--- DATA EXTRACTS Enclosed Below ---
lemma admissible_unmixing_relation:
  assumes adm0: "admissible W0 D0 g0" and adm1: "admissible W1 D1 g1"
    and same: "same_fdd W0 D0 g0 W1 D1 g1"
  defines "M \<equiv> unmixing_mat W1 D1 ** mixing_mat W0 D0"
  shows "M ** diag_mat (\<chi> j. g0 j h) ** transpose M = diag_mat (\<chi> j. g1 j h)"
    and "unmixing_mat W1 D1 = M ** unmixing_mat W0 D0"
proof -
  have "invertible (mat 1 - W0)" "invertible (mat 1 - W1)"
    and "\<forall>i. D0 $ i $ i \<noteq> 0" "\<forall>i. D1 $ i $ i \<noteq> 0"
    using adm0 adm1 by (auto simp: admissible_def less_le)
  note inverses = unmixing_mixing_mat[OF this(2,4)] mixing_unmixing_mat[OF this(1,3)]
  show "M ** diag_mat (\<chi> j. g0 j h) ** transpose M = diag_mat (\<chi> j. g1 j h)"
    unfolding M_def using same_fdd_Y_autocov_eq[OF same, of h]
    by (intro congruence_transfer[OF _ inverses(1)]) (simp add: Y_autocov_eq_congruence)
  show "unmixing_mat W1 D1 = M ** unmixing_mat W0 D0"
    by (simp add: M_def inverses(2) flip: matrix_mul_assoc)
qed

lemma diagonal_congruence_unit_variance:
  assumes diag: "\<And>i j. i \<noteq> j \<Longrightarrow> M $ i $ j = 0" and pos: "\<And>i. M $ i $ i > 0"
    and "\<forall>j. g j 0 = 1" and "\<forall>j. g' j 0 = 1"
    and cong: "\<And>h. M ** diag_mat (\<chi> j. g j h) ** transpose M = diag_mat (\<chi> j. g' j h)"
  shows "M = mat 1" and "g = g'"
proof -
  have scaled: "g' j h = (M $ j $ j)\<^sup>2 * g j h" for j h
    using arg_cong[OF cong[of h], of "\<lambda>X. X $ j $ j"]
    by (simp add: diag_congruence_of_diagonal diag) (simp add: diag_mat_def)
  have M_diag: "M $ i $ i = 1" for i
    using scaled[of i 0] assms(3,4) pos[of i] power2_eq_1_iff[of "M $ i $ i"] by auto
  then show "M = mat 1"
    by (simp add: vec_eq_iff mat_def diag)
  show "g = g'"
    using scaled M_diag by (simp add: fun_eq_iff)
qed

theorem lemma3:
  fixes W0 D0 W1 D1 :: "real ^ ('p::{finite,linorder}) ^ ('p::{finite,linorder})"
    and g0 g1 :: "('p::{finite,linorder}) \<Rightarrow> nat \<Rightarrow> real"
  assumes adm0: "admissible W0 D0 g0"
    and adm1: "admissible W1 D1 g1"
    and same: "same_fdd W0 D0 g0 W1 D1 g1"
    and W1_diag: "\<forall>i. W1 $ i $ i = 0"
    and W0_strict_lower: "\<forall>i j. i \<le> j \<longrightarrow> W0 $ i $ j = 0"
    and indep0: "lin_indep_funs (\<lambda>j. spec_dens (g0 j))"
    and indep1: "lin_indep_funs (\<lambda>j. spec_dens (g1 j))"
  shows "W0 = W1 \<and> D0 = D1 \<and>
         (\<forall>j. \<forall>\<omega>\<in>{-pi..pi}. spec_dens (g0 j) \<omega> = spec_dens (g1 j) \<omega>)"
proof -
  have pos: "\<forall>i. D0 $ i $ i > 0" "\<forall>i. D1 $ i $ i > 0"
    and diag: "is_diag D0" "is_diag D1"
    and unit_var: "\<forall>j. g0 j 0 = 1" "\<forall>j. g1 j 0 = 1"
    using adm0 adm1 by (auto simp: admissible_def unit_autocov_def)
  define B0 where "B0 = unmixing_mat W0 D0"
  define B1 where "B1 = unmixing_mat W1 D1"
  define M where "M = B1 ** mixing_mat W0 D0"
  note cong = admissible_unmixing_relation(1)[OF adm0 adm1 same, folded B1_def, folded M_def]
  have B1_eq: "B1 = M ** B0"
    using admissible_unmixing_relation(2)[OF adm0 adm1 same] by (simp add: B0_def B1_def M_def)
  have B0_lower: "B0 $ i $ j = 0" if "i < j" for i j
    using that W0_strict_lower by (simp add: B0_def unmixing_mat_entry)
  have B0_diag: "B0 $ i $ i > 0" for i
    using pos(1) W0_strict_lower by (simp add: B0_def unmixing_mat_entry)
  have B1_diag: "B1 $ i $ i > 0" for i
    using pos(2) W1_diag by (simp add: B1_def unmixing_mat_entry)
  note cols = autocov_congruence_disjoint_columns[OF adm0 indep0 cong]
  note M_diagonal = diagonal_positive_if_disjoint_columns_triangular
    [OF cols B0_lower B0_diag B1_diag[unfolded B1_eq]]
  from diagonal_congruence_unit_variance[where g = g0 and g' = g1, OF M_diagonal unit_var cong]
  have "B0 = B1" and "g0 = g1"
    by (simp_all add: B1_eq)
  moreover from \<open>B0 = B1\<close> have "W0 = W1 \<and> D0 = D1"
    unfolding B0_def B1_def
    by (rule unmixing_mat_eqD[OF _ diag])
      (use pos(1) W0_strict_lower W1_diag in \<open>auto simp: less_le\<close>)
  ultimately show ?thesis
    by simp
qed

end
--- End of Enclosed DATA EXTRACTS ---
--- DATA EXTRACTS Enclosed Below ---
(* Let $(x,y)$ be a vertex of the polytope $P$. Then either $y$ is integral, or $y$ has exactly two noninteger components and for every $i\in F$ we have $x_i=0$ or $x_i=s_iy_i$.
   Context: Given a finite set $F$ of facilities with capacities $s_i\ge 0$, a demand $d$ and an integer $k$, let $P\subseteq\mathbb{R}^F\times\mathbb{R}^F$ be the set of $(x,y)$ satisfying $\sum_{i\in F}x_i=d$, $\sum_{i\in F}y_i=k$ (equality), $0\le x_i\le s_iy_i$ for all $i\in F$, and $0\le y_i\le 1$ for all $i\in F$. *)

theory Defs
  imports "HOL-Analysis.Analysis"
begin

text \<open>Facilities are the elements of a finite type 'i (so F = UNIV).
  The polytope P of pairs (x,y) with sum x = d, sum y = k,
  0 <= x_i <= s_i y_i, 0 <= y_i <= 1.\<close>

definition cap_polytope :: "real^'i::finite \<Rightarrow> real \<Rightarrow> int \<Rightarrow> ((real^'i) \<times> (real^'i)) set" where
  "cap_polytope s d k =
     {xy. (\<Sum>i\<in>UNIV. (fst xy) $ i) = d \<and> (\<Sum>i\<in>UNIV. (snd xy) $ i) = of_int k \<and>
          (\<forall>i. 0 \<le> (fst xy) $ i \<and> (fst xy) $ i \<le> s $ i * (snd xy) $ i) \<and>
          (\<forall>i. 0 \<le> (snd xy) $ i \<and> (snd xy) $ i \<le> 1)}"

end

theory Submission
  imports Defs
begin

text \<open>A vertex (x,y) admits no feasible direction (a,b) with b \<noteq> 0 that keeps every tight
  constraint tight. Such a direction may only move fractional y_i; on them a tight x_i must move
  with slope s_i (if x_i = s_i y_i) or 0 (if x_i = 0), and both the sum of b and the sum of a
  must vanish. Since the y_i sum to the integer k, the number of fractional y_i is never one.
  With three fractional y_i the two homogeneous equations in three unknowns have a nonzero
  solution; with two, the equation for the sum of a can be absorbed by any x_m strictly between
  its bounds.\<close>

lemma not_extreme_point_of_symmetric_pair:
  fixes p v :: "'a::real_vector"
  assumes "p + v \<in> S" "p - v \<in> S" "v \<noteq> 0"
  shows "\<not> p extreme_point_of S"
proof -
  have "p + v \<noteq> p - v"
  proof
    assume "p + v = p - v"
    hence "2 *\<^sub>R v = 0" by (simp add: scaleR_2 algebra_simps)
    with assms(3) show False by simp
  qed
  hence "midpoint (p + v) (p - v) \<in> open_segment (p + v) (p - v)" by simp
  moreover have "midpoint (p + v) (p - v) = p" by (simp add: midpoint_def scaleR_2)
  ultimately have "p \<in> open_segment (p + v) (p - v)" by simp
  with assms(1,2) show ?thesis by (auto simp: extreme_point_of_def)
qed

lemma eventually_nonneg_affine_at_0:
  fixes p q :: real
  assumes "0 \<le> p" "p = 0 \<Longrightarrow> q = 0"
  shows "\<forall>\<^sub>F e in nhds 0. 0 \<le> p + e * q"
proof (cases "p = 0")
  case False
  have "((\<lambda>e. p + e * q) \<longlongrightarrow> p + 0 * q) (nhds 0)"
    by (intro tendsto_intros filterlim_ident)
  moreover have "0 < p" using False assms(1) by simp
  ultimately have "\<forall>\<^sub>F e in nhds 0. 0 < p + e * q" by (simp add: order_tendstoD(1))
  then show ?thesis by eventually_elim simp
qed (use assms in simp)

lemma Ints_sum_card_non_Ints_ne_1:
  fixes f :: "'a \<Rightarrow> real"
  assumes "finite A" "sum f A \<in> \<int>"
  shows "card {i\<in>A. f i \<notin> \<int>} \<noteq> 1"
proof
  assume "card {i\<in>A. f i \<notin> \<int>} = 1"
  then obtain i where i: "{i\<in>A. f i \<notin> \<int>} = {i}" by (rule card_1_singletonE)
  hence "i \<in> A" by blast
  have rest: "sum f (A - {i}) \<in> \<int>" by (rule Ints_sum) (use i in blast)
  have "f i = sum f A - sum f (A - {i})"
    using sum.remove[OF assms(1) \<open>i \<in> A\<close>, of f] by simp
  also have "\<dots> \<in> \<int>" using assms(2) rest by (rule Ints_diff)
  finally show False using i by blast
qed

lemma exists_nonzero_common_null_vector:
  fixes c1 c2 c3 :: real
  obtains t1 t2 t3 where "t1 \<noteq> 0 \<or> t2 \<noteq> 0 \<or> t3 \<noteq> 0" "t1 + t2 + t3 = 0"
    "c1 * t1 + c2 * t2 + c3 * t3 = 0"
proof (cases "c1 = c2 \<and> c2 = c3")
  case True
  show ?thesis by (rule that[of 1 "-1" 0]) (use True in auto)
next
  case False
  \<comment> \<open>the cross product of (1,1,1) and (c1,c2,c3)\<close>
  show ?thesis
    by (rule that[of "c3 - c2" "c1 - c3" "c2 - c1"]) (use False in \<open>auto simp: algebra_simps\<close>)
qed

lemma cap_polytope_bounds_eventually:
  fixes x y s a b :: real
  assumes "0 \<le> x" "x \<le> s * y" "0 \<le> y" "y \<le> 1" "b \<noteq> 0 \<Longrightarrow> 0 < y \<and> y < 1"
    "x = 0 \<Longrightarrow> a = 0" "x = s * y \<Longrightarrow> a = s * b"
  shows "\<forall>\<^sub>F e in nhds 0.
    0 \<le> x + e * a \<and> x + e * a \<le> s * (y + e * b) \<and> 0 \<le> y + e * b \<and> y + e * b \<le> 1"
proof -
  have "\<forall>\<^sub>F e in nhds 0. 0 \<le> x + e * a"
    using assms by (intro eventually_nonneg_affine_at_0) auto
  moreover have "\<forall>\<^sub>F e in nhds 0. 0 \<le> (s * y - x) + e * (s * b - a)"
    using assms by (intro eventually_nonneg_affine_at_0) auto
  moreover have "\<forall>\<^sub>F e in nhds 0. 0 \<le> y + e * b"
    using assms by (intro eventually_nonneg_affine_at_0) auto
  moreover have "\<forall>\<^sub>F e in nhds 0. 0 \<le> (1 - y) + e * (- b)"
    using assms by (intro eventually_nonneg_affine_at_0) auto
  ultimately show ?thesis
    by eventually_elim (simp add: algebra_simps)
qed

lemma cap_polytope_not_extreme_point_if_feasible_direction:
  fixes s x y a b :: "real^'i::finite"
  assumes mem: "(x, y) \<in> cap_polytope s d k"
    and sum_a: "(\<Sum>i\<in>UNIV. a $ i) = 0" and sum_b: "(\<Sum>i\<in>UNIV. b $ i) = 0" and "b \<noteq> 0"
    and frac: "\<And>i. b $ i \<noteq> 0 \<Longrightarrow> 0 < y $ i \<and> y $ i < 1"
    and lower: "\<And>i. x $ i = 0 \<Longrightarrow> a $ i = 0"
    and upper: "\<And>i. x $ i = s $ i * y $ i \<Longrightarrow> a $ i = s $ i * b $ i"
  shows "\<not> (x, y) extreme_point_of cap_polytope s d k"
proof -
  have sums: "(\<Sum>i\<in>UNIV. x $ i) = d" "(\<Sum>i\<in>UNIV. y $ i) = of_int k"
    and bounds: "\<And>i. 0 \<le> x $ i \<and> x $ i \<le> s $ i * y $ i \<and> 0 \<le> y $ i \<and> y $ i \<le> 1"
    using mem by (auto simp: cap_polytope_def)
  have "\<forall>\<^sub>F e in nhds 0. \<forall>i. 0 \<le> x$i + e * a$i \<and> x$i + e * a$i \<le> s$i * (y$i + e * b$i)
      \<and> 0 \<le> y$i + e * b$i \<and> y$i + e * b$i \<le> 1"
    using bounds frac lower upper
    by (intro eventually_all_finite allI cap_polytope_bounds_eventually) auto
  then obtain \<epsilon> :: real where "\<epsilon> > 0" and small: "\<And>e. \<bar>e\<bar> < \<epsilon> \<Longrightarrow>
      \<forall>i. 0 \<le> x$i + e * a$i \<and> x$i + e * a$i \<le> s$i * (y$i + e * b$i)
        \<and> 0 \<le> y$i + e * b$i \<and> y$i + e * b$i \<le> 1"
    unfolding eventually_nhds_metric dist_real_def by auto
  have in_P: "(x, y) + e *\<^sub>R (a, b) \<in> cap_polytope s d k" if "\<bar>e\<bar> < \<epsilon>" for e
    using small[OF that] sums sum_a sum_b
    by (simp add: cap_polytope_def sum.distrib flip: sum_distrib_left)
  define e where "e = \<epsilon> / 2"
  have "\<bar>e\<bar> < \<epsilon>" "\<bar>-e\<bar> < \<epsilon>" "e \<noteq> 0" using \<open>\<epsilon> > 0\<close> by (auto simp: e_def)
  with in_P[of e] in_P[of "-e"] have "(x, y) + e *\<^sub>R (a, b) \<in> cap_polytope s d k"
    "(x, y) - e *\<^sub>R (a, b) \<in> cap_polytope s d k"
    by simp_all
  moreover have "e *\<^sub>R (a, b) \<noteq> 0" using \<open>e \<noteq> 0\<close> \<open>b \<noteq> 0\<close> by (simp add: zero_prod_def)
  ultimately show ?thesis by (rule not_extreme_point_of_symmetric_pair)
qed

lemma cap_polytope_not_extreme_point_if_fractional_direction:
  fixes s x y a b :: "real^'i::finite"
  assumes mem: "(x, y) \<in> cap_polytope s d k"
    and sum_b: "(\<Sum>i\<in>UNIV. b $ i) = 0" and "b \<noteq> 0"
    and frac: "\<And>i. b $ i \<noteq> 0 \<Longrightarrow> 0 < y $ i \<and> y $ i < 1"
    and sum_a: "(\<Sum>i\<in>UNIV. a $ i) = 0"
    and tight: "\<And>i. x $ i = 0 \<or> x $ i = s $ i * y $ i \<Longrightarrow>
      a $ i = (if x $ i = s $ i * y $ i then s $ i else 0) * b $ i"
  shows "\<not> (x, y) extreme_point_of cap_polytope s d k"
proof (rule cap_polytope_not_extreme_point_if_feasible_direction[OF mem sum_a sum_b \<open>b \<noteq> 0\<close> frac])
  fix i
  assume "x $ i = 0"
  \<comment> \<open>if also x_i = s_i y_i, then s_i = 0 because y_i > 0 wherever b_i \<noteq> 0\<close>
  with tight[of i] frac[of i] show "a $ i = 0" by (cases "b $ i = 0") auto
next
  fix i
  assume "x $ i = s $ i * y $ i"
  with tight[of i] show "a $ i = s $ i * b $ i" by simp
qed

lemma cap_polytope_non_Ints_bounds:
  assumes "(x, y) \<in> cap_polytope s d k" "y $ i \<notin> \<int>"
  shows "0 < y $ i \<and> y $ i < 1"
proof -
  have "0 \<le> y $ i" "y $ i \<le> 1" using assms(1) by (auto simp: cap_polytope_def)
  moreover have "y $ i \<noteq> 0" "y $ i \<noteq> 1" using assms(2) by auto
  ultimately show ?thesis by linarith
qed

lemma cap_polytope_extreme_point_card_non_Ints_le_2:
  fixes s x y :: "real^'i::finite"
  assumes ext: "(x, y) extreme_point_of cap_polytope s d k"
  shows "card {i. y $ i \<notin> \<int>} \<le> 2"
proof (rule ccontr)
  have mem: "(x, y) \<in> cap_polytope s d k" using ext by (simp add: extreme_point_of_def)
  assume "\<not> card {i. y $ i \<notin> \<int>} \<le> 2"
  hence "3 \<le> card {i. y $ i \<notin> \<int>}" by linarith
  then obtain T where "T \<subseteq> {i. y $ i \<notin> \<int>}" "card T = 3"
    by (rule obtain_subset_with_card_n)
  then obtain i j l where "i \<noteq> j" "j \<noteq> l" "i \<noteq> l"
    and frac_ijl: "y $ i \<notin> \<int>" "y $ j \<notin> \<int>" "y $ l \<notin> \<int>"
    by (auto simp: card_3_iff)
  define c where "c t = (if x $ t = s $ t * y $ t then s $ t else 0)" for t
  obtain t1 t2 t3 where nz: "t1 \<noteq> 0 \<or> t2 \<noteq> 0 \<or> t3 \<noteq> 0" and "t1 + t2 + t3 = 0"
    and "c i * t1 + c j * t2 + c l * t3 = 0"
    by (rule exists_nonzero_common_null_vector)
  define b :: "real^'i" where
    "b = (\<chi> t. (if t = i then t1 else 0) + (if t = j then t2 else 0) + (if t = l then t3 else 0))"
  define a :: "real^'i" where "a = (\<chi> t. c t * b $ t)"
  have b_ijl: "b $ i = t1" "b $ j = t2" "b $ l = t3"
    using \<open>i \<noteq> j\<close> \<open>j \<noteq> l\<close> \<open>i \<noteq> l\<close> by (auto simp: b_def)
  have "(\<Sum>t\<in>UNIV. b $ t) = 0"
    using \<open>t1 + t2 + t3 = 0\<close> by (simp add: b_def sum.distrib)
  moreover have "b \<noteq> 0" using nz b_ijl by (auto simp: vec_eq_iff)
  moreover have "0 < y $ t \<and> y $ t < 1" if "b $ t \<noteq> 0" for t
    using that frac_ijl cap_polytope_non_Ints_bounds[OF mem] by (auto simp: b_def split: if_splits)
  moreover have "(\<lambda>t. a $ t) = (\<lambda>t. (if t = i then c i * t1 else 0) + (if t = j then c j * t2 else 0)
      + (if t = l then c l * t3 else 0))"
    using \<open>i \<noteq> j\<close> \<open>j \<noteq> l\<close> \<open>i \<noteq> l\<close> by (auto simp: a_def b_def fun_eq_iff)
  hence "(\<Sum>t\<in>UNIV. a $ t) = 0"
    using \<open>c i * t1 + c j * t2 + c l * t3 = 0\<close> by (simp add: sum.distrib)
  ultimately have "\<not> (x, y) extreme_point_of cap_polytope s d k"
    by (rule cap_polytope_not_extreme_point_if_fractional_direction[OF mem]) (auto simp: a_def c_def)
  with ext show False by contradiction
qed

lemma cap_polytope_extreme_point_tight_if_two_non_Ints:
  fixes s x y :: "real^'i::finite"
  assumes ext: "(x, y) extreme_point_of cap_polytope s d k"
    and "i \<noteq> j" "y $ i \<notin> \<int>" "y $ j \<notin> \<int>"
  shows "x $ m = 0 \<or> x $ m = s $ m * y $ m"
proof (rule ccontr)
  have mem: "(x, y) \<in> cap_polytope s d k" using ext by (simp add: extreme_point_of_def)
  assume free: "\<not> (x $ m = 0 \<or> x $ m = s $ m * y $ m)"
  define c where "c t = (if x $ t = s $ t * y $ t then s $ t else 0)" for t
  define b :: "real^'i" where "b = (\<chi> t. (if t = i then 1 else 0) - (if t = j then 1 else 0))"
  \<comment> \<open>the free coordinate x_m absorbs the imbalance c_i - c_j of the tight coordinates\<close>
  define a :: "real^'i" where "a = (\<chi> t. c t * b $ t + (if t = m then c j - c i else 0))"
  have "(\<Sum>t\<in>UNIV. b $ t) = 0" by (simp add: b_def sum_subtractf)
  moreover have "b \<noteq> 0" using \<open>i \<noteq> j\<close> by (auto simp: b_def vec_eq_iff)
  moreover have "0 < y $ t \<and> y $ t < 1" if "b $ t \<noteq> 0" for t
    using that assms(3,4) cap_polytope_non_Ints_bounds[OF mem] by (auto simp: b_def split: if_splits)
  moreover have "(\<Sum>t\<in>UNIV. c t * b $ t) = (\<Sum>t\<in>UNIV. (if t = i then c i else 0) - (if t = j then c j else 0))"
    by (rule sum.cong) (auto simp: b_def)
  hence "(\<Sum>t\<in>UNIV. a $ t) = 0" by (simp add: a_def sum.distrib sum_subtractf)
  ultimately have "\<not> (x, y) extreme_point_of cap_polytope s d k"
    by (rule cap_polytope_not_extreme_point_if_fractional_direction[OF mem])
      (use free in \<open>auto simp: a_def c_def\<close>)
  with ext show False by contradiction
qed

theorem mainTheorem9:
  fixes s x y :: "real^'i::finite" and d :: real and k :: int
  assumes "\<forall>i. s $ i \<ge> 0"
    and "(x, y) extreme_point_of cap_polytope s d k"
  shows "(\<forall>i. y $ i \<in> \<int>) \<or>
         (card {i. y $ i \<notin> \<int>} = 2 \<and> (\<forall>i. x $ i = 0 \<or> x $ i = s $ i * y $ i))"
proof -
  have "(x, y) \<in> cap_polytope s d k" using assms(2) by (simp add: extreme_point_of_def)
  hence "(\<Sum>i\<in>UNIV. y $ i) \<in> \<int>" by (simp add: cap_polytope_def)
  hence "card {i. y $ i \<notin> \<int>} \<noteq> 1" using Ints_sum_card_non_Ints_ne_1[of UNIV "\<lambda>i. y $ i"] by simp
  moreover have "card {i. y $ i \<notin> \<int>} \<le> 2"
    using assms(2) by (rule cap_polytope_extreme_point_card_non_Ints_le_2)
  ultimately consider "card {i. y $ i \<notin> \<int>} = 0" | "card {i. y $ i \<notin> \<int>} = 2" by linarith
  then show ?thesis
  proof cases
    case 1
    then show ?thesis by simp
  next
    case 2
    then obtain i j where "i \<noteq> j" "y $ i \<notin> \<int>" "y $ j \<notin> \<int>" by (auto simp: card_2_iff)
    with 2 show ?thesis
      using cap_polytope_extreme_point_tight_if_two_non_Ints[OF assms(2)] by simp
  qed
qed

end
--- End of Enclosed DATA EXTRACTS ---
### [PROBLEM REQUIREMENTS]
The output should be exactly the lines above from the line containing "i \<Longrightarrow> a" to the line containing "x $ i \<and>", inclusive, with no other lines.

### [EXERCISE ANSWER]
    and upper: "\<And>i. x $ i = s $ i * y $ i \<Longrightarrow> a $ i = s $ i * b $ i"
  shows "\<not> (x, y) extreme_point_of cap_polytope s d k"
proof -
  have sums: "(\<Sum>i\<in>UNIV. x $ i) = d" "(\<Sum>i\<in>UNIV. y $ i) = of_int k"
    and bounds: "\<And>i. 0 \<le> x $ i \<and> x $ i \<le> s $ i * y $ i \<and> 0 \<le> y $ i \<and> y $ i \<le> 1"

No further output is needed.